A moment more, and the boat lay within long bowshot of us, with a rope trailing in the water. I plunged in, not sure that the others would follow me, but feeling I would be better able to help them on board than on the raft.

At once it seemed I had plunged into another world, more outlandish than the Brook Madregot. The unresting waves and clouded sky vanished as if they had never existed. I sensed a mighty current, yet I could not have said by what means I knew of it; for although the drowned pastures of my drowned nation slipped under me and its trees gestured to me with supplicating limbs, the water itself seemed at rest. It was as if I watched the slow rolling of Urth across the void.

At length I saw a cottage with its walls and stone chimney still standing; its open door appeared to beckon me. I felt a sudden terror and swam upward toward the light as desperately as when I had been drowning in Gyoll.

My head broke the surface; water streamed from my nostrils. For a moment it seemed that both raft and boat were gone, but a wave lifted the boat so that I glimpsed its weather-stained sail. I knew I had been underwater a long time, even though it had not seemed so. I swam as fast as I could, but I was careful to keep my face in air as much as possible, and I closed my eyes when it was not.

Odilo stood in the stern with a hand on the tiller; when he saw me, he waved and shouted some encouragement I could not hear. In a moment or two, Pega's round face appeared above the gunnel, then another face, one I did not know, brown and wrinkled. A wave picked me up as a cat does her kittens, and I dove headfirst down its farther side and found the floating rope in the trough. Odilo abandoned the tiller (which was held with a loop of cordage in any case, as I saw when I got on board) and joined in hauling me in. The little boat had only a couple of cubits of freeboard, and it was not difficult to brace my foot on the rudder and vault over the stern.

Although Pega had first seen me less than a watch before, she hugged me like a stuffed toy.

Odilo bowed as though we were being presented to each other in the Hypogeum Amaranthine. "Sieur, I feared that you had lost your life among these raging seas!" Odilo bowed again. "Sieur, it is exceeding pleasant as well as quite astonishing, sieur, if I may say so, sieur, to see you once again, sieur!"

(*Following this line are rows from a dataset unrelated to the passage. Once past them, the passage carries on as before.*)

lemma tga_center_eq_scalars_iff:
  assumes "subgrp B A"
  shows "tga_center \<tau> B = tga_scalars \<longleftrightarrow> tga_commuting \<tau> B \<subseteq> {0}"
proof
  assume center: "tga_center \<tau> B = tga_scalars"
  show "tga_commuting \<tau> B \<subseteq> {0}"
  proof
    fix a assume "a \<in> tga_commuting \<tau> B"
    then have "tga_monom a 1 \<in> tga_center \<tau> B"
      by (rule tga_monom_in_center)
    then obtain c where "tga_monom a (1::'f) = tga_monom 0 c"
      using center by (auto simp: tga_scalars_eq_monoms)
    then have "tga_monom a (1::'f) a = tga_monom 0 c a"
      by simp
    then show "a \<in> {0}"
      by (simp add: tga_monom_apply split: if_splits)
  qed
next
  assume "tga_commuting \<tau> B \<subseteq> {0}"
  then have "x = tga_monom 0 (x 0)" if "x \<in> tga_center \<tau> B" for x
    using tga_center_support_commuting[OF that] by (force simp: tga_monom_def)
  then show "tga_center \<tau> B = tga_scalars"
    using tga_scalars_subset_center[OF assms] by (auto simp: tga_scalars_eq_monoms)
qed

lemma tga_commuting_finite_index:
  assumes "subgrp B A" and "finite_index B A"
  obtains M where "M > 0" "\<And>a. a \<in> tga_commuting \<tau> B \<Longrightarrow> of_nat M * a \<in> tga_commuting \<tau> A"
proof -
  obtain M where M: "M > 0" "\<And>b. b \<in> A \<Longrightarrow> of_nat M * b \<in> B"
    using finite_index_multiple_mem[OF subgroup assms] by blast
  have "of_nat M * a \<in> tga_commuting \<tau> A" if a: "a \<in> tga_commuting \<tau> B" for a
  proof -
    have "a \<in> A"
      using a assms(1) by (auto simp: tga_commuting_def subgrp_def)
    then have Ma: "of_nat M * a \<in> A"
      by (rule subgrp_of_nat_mult[OF subgroup])
    have "\<tau> (of_nat M * a) b = \<tau> b (of_nat M * a)" if b: "b \<in> A" for b
    proof -
      have "twist_ratio \<tau> (of_nat M * a) b = twist_ratio \<tau> a (of_nat M * b)"
        using twist_ratio_of_nat_left twist_ratio_of_nat_right \<open>a \<in> A\<close> b by simp
      also have "\<dots> = 1"
        using a M(2)[OF b] nonzero[OF subgrp_of_nat_mult[OF subgroup b] \<open>a \<in> A\<close>]
        by (simp add: tga_commuting_def twist_ratio_def)
      finally show ?thesis
        using nonzero[OF b Ma] by (simp add: twist_ratio_def)
    qed
    with Ma show ?thesis
      by (simp add: tga_commuting_def)
  qed
  with M(1) show thesis
    by (rule that)
qed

Pega was more straightforward. "All of us thought you were dead, Severian!" I asked him where the other woman was, then caught sight of her as a bucketful of water flew over the side and back into the flood. Like a sensible woman, she was bailing; and like a woman of sense, bailing downwind.

"She's here, sieur. We are all here, all here now, sieur. I myself was the first to reach this craft." Odilo inflated his chest with pardonable pride. "I was able to assist the females a bit, sieur. But no one had seen you at all, sieur, not since we cast our lots with the waves, if I may phrase it thus, sieur. We are most happy, sieur, indeed we are quite delighted—" He recollected himself. "Not that a young officer of your physique and undoubted prowess could be in much danger, sieur, where such humble persons as we had come safely through, sieur. Though but narrowly, sieur. Very narrowly, sieur. And yet the young women were concerned for you, sieur, for which I hope and trust you'll forgive them."

"There's nothing to forgive," I told him. "I thank all of you for your help." The old sailor whose boat it was made some complex gesture (half-concealed by his thick coat) that I was unable to follow, then spit to windward.

"Our rescuer," Odilo continued, beaming, "is—"

"Don't matter," the sailor snapped. "You get down there and trim that mains'l. Jib's fouled, too. You stamp now and stutter, or she'll capsize."